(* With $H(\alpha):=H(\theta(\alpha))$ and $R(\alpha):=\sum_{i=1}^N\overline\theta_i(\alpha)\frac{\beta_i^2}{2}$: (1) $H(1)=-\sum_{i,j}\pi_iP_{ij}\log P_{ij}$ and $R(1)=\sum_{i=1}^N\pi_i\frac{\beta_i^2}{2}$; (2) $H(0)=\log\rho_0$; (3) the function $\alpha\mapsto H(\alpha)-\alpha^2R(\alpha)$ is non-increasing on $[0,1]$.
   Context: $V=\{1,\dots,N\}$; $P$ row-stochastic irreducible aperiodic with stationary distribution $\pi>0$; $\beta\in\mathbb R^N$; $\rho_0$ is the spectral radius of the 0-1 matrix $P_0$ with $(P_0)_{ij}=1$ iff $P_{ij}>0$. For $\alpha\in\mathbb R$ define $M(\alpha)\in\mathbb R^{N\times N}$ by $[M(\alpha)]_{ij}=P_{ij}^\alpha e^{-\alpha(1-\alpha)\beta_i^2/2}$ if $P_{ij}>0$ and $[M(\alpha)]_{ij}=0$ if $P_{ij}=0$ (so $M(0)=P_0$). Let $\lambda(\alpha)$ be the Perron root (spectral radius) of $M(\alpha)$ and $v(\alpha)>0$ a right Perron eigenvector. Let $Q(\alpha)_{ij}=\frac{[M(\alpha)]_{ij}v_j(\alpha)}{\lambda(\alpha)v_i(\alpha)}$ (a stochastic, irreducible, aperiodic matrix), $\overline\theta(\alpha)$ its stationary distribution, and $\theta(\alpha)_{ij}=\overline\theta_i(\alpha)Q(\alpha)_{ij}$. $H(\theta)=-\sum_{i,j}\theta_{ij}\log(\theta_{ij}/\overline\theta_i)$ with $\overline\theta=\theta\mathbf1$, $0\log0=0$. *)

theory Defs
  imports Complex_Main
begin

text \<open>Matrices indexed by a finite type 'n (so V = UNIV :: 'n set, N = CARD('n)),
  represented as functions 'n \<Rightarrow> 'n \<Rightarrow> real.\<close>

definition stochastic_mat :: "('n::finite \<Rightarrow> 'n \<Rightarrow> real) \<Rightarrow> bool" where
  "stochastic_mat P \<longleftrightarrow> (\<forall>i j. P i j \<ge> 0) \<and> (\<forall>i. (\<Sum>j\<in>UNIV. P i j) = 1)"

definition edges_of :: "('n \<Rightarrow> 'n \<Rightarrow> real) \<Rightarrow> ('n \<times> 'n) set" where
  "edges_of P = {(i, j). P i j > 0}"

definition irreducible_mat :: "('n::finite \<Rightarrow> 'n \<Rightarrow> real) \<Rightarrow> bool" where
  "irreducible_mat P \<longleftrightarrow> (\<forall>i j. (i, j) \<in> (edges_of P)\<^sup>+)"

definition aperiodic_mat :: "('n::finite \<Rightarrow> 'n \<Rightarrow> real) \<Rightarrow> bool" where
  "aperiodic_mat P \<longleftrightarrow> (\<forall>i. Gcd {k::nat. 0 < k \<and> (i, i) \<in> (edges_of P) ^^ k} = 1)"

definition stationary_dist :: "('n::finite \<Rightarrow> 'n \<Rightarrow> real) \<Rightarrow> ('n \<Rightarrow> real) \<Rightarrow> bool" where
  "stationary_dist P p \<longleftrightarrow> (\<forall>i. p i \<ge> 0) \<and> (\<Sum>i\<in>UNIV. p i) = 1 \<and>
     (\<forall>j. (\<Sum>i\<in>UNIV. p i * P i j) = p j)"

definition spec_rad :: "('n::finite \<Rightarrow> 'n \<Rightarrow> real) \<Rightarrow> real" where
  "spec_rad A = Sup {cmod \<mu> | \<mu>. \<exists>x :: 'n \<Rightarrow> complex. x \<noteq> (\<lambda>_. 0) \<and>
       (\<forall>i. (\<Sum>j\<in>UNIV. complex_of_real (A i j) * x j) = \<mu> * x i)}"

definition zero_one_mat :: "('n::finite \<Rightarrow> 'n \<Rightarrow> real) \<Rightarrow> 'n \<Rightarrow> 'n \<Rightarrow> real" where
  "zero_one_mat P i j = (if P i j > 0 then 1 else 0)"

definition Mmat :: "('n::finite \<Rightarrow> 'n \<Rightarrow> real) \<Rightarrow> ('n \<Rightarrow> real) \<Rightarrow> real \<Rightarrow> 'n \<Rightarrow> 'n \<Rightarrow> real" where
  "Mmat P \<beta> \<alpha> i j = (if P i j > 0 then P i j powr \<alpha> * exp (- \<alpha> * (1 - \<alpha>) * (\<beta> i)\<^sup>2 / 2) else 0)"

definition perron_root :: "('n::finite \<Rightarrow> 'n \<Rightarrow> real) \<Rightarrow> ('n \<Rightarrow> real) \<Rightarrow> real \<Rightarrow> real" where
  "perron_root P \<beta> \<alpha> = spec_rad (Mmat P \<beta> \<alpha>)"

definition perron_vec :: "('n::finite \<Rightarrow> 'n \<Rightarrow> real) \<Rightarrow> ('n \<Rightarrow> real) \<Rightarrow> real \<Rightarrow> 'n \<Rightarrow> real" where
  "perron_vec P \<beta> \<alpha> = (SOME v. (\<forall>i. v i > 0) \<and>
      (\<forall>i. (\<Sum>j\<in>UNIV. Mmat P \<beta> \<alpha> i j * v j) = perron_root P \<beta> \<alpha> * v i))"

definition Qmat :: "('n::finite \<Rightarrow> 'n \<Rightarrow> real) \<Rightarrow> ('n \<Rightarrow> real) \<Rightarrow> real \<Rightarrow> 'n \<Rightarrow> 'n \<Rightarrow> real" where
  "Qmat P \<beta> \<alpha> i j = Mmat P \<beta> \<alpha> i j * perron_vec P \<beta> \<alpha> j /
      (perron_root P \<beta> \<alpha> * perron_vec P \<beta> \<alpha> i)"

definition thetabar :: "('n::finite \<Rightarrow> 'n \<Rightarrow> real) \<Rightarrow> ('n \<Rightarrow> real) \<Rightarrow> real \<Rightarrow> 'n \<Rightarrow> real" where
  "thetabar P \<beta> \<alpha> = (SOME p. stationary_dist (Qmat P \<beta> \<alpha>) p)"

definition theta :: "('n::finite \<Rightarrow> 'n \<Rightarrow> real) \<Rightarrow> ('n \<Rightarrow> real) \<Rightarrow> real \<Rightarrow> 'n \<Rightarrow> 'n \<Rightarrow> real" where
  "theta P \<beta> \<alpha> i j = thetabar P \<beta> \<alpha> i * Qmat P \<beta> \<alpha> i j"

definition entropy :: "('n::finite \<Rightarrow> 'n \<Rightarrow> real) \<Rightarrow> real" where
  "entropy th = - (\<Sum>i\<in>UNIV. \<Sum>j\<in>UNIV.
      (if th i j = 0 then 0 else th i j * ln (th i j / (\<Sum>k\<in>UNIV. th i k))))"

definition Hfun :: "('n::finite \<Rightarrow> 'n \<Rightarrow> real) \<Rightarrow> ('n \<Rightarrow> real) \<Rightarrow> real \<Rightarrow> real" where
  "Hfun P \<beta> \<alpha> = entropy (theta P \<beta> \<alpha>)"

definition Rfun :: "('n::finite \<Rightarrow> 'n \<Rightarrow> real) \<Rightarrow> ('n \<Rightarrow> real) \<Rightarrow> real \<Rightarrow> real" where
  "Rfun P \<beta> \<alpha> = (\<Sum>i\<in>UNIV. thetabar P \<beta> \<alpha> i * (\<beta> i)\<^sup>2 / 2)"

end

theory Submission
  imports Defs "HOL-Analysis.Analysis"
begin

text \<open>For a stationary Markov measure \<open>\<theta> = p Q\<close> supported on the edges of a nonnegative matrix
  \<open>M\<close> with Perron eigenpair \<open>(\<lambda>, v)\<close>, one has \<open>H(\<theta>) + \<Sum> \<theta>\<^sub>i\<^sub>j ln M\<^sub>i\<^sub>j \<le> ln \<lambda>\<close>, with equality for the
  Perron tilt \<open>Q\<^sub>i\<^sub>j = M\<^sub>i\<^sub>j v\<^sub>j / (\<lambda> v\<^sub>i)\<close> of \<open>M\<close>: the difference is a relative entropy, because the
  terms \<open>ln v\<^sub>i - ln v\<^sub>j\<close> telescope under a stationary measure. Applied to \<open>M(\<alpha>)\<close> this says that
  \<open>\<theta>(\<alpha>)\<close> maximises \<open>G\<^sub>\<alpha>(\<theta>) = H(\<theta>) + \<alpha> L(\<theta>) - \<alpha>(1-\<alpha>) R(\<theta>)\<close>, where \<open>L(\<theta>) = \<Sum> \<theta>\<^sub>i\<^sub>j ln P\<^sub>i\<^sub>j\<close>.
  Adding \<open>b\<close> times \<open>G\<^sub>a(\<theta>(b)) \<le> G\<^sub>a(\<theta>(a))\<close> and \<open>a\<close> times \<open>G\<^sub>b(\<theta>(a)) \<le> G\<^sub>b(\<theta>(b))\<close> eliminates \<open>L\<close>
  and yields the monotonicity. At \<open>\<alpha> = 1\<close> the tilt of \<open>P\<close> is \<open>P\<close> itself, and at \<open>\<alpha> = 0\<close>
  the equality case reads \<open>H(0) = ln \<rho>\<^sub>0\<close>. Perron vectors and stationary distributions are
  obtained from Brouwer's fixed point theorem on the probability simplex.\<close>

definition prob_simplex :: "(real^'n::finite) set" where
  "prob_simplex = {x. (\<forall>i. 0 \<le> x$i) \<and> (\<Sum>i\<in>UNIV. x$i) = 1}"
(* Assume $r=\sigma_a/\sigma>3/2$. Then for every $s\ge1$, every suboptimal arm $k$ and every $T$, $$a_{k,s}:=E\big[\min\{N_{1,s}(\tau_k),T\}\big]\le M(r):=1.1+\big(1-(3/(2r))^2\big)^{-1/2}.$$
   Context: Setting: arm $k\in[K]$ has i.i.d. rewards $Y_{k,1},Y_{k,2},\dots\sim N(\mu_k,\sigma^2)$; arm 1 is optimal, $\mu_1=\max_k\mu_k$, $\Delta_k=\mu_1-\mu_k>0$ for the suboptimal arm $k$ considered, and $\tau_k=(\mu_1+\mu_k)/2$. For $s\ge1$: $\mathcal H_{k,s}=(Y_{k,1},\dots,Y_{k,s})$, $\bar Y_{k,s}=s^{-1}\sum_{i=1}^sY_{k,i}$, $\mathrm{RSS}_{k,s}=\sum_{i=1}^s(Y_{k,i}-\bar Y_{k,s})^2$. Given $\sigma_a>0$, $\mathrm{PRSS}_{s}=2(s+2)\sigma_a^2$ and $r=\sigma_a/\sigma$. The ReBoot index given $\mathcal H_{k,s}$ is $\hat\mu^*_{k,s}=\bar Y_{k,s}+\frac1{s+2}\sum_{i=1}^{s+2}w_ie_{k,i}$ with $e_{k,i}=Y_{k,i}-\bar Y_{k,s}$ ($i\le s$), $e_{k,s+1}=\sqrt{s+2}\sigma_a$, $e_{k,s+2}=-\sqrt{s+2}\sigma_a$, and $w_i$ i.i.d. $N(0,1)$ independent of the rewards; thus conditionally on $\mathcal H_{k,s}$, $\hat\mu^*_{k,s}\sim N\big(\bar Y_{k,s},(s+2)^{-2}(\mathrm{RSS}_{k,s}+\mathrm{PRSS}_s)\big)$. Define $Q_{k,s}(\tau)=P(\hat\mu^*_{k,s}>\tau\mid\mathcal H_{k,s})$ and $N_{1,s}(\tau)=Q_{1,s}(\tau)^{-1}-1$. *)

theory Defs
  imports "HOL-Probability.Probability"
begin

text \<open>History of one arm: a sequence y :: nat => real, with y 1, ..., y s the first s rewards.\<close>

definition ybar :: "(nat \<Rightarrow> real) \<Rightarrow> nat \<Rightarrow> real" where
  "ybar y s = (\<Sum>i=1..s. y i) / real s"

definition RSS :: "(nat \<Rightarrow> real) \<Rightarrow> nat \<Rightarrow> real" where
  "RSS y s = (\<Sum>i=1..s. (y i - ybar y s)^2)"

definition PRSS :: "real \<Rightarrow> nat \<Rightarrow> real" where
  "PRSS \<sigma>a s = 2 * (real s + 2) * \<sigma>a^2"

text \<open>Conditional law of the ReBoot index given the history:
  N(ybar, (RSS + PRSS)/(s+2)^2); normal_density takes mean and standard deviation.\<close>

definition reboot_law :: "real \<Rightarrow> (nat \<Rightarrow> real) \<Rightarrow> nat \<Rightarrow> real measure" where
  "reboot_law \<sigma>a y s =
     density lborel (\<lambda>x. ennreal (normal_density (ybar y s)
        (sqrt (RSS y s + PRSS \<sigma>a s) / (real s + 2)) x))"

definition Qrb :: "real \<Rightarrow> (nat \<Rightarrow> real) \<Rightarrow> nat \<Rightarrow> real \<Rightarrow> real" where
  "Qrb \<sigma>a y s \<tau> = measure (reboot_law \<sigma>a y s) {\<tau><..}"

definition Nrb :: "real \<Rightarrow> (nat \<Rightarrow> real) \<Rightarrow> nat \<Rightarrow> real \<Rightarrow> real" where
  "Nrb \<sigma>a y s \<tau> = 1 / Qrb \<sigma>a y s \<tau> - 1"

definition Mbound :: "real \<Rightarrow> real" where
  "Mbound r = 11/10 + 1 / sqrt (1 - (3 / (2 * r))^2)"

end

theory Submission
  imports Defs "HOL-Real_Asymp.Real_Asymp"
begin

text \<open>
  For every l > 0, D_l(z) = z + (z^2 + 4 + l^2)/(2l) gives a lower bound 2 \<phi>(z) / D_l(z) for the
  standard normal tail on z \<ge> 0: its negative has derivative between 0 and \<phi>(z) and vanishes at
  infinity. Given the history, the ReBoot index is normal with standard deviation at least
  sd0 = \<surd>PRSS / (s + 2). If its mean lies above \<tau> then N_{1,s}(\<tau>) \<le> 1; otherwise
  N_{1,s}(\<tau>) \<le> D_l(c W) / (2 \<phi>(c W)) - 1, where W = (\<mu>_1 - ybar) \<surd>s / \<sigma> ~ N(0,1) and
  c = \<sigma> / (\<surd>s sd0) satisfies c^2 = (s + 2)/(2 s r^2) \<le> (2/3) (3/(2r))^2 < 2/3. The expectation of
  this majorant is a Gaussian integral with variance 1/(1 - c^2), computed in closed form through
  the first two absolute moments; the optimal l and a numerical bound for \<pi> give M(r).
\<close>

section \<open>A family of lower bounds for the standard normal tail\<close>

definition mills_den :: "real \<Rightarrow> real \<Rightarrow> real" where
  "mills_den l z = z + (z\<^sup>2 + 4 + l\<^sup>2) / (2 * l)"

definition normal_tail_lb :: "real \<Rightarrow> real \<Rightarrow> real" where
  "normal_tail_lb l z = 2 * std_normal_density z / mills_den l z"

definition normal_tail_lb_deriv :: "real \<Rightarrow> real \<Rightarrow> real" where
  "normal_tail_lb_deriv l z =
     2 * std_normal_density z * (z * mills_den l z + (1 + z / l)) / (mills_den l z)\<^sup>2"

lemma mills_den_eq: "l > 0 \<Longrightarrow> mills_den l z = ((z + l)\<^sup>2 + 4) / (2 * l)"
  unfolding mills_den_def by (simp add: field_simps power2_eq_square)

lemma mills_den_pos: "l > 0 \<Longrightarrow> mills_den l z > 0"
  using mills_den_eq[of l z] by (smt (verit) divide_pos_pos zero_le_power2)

**WHAT THE TASK ASKS:**
Among the records above, repeat exactly the line with "entropy (theta P", the line with "terms \<open>ln v\<^sub>i", and every line in between, and only those.

**FINISHED TASK:**
  "Hfun P \<beta> \<alpha> = entropy (theta P \<beta> \<alpha>)"

definition Rfun :: "('n::finite \<Rightarrow> 'n \<Rightarrow> real) \<Rightarrow> ('n \<Rightarrow> real) \<Rightarrow> real \<Rightarrow> real" where
  "Rfun P \<beta> \<alpha> = (\<Sum>i\<in>UNIV. thetabar P \<beta> \<alpha> i * (\<beta> i)\<^sup>2 / 2)"

end

theory Submission
  imports Defs "HOL-Analysis.Analysis"
begin

text \<open>For a stationary Markov measure \<open>\<theta> = p Q\<close> supported on the edges of a nonnegative matrix
  \<open>M\<close> with Perron eigenpair \<open>(\<lambda>, v)\<close>, one has \<open>H(\<theta>) + \<Sum> \<theta>\<^sub>i\<^sub>j ln M\<^sub>i\<^sub>j \<le> ln \<lambda>\<close>, with equality for the
  Perron tilt \<open>Q\<^sub>i\<^sub>j = M\<^sub>i\<^sub>j v\<^sub>j / (\<lambda> v\<^sub>i)\<close> of \<open>M\<close>: the difference is a relative entropy, because the
  terms \<open>ln v\<^sub>i - ln v\<^sub>j\<close> telescope under a stationary measure. Applied to \<open>M(\<alpha>)\<close> this says that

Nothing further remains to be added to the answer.